The second is to form a deeper understanding and a pride in the craft skills, in crafts- manship. We start with the first step. With the help of sociologist Sharon Zukin, Sennett ar- gues about the need for skill and craftsmanship. This does not aim for a situation where we all have to farm our food ourselves or hunt for our dinner. It is an under- standing of our world through craft and quality, not only for production, but also for a more insightful consumption. Zukin As Sennett proposes, this is a change in our everyday perception of the world.

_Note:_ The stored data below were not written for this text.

(* Let $M_\varphi$ be a hyperbolic once-punctured torus bundle with fibre $S$. For any irreducible representation $\rho\colon\pi_1(S)\to\mathrm{SL}(2,\mathbb{C})$ whose character $\chi_\rho$ lies in $X_\varphi(S)$, there exists $T\in\mathrm{SL}(2,\mathbb{C})$ such that $T^{-1}\rho(\gamma)T=\rho(\varphi(\gamma))$ for all $\gamma\in\pi_1(S)$. Moreover, $T$ is unique up to sign, and at least one of $\operatorname{tr}T$, $\operatorname{tr}(\rho(a)T)$, $\operatorname{tr}(\rho(b)T)$, $\operatorname{tr}(\rho(ab)T)$ is nonzero.
   Context: $\pi_1(S)$ is free on $a,b$ and $\varphi$ denotes the automorphism of $\pi_1(S)$ induced by the monodromy. $X(S)\cong\mathbb{C}^3$ is the $\mathrm{SL}(2,\mathbb{C})$-character variety of $\pi_1(S)$ with coordinates $(\operatorname{tr}\rho(a),\operatorname{tr}\rho(b),\operatorname{tr}\rho(ab))$, and $X_\varphi(S)=\{\chi\in X(S):\chi=\chi\circ\varphi\}$. *)

theory Defs
  imports "HOL-Analysis.Analysis"
begin

datatype gen = Ga | Gb

text \<open>A letter is a generator together with an exponent sign: True = +1, False = -1.
  Elements of the free group pi_1(S) = F(a,b) are represented by words (lists of letters);
  two words represent the same element iff their free reductions agree.\<close>

type_synonym letter = "gen \<times> bool"
type_synonym word = "letter list"

definition inv_letter :: "letter \<Rightarrow> letter" where
  "inv_letter l = (fst l, \<not> snd l)"

definition inv_word :: "word \<Rightarrow> word" where
  "inv_word w = rev (map inv_letter w)"

fun fred :: "word \<Rightarrow> word" where
  "fred [] = []"
| "fred (x # xs) = (case fred xs of
      [] \<Rightarrow> [x]
    | y # ys \<Rightarrow> (if y = inv_letter x then ys else x # y # ys))"

definition word_a :: word where "word_a = [(Ga, True)]"
definition word_b :: word where "word_b = [(Gb, True)]"

definition subst :: "word \<Rightarrow> word \<Rightarrow> word \<Rightarrow> word" where
  "subst wa wb w = concat (map (\<lambda>l. let img = (if fst l = Ga then wa else wb)
                                     in if snd l then img else inv_word img) w)"

definition is_free_aut :: "word \<Rightarrow> word \<Rightarrow> bool" where
  "is_free_aut wa wb \<longleftrightarrow> (\<exists>va vb.
      fred (subst wa wb va) = word_a \<and> fred (subst wa wb vb) = word_b \<and>
      fred (subst va vb wa) = word_a \<and> fred (subst va vb wb) = word_b)"

text \<open>Exponent sum of a generator in a word (abelianisation H_1(S) = Z^2).\<close>
definition expsum :: "gen \<Rightarrow> word \<Rightarrow> int" where
  "expsum g w = (\<Sum>l\<leftarrow>w. if fst l = g then (if snd l then 1 else -1) else 0)"

text \<open>The once-punctured torus bundle with monodromy inducing the automorphism
  (a \<mapsto> wa, b \<mapsto> wb) is hyperbolic: the monodromy is orientation preserving
  (action on H_1 has determinant 1) and Anosov (|trace| > 2).\<close>
definition hyperbolic_monodromy :: "word \<Rightarrow> word \<Rightarrow> bool" where
  "hyperbolic_monodromy wa wb \<longleftrightarrow> is_free_aut wa wb \<and>
     expsum Ga wa * expsum Gb wb - expsum Gb wa * expsum Ga wb = 1 \<and>
     \<bar>expsum Ga wa + expsum Gb wb\<bar> > 2"

type_synonym mat2 = "complex^2^2"

definition SL2 :: "mat2 set" where
  "SL2 = {M. det M = 1}"

text \<open>A representation rho of F(a,b) is determined by rho(a) = A, rho(b) = B in SL(2,C).\<close>
definition rep_letter :: "mat2 \<Rightarrow> mat2 \<Rightarrow> letter \<Rightarrow> mat2" where
  "rep_letter A B l = (let M = (if fst l = Ga then A else B) in if snd l then M else matrix_inv M)"

definition rep :: "mat2 \<Rightarrow> mat2 \<Rightarrow> word \<Rightarrow> mat2" where
  "rep A B w = foldr (\<lambda>l M. rep_letter A B l ** M) w (mat 1)"

definition irreducible_rep :: "mat2 \<Rightarrow> mat2 \<Rightarrow> bool" where
  "irreducible_rep A B \<longleftrightarrow>
     \<not> (\<exists>v::complex^2. v \<noteq> 0 \<and> (\<forall>w. \<exists>c::complex. rep A B w *v v = c *s v))"

text \<open>The character of rho lies in X_phi(S): chi_rho = chi_rho o phi.\<close>
definition char_fixed :: "word \<Rightarrow> word \<Rightarrow> mat2 \<Rightarrow> mat2 \<Rightarrow> bool" where
  "char_fixed wa wb A B \<longleftrightarrow> (\<forall>w. trace (rep A B w) = trace (rep A B (subst wa wb w)))"

end

theory Submission
  imports Defs
begin

(* Write A, B for rho(a), rho(b) and A', B' for their images under phi.  A pair in SL(2,C)
   without a common eigenvector is conjugate to a normal form written in the basis (v, A v),
   where v is an eigenvector of B; its entries depend only on tr A, tr B, tr AB and on the
   eigenvalue of v.  Since phi is an automorphism, (A', B') again has no common eigenvector,
   and chi = chi o phi gives it the same three traces; so both pairs have the same normal form
   and are conjugate by some T, which may be rescaled into SL(2,C).  Two such T differ by a
   matrix commuting with A and B, which is a scalar by Schur's lemma, hence is +1 or -1.
   Finally, the normal form shows that 1, A, B, AB span all 2x2 matrices, so T cannot be
   orthogonal to all four for the nondegenerate trace pairing. *)

lemma
  fixes A :: "'a::field^'n^'n"
  assumes "det A \<noteq> 0"
  shows matrix_inv_right: "A ** matrix_inv A = mat 1"
    and matrix_inv_left: "matrix_inv A ** A = mat 1"
proof -
  have "\<exists>A'. A ** A' = mat 1 \<and> A' ** A = mat 1"
    using assms by (simp add: invertible_det_nz[symmetric] invertible_def)
  then have "A ** matrix_inv A = mat 1 \<and> matrix_inv A ** A = mat 1"
    unfolding matrix_inv_def by (rule someI_ex)
  then show "A ** matrix_inv A = mat 1" "matrix_inv A ** A = mat 1"
    by auto
qed

lemma matrix_inv_unique:
  fixes A X :: "'a::field^'n^'n"
  assumes "det A \<noteq> 0" and "A ** X = mat 1"
  shows "matrix_inv A = X"
proof -
  have "matrix_inv A = matrix_inv A ** (A ** X)"
    using assms(2) by simp
  also have "\<dots> = X"
    by (simp add: matrix_mul_assoc matrix_inv_left[OF assms(1)])
  finally show ?thesis .
qed

lemma det_matrix_inv:
  fixes A :: "'a::field^'n^'n"
  assumes "det A \<noteq> 0"
  shows "det (matrix_inv A) = inverse (det A)"
  using det_mul[of A "matrix_inv A"] assms by (simp add: matrix_inv_right field_simps)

For this we will need to spend more time exploring our craft and our tools at hand, but we also need to open up our surrounding, to break up our everyday objects, to make them more transparent for engagement and better un- derstand their workings. In labor, the good craftsman is more than a mechanical technician. This ideal comes to life in a traditional craft like making musical instruments; equally in a more modern setting like a scientific laboratory.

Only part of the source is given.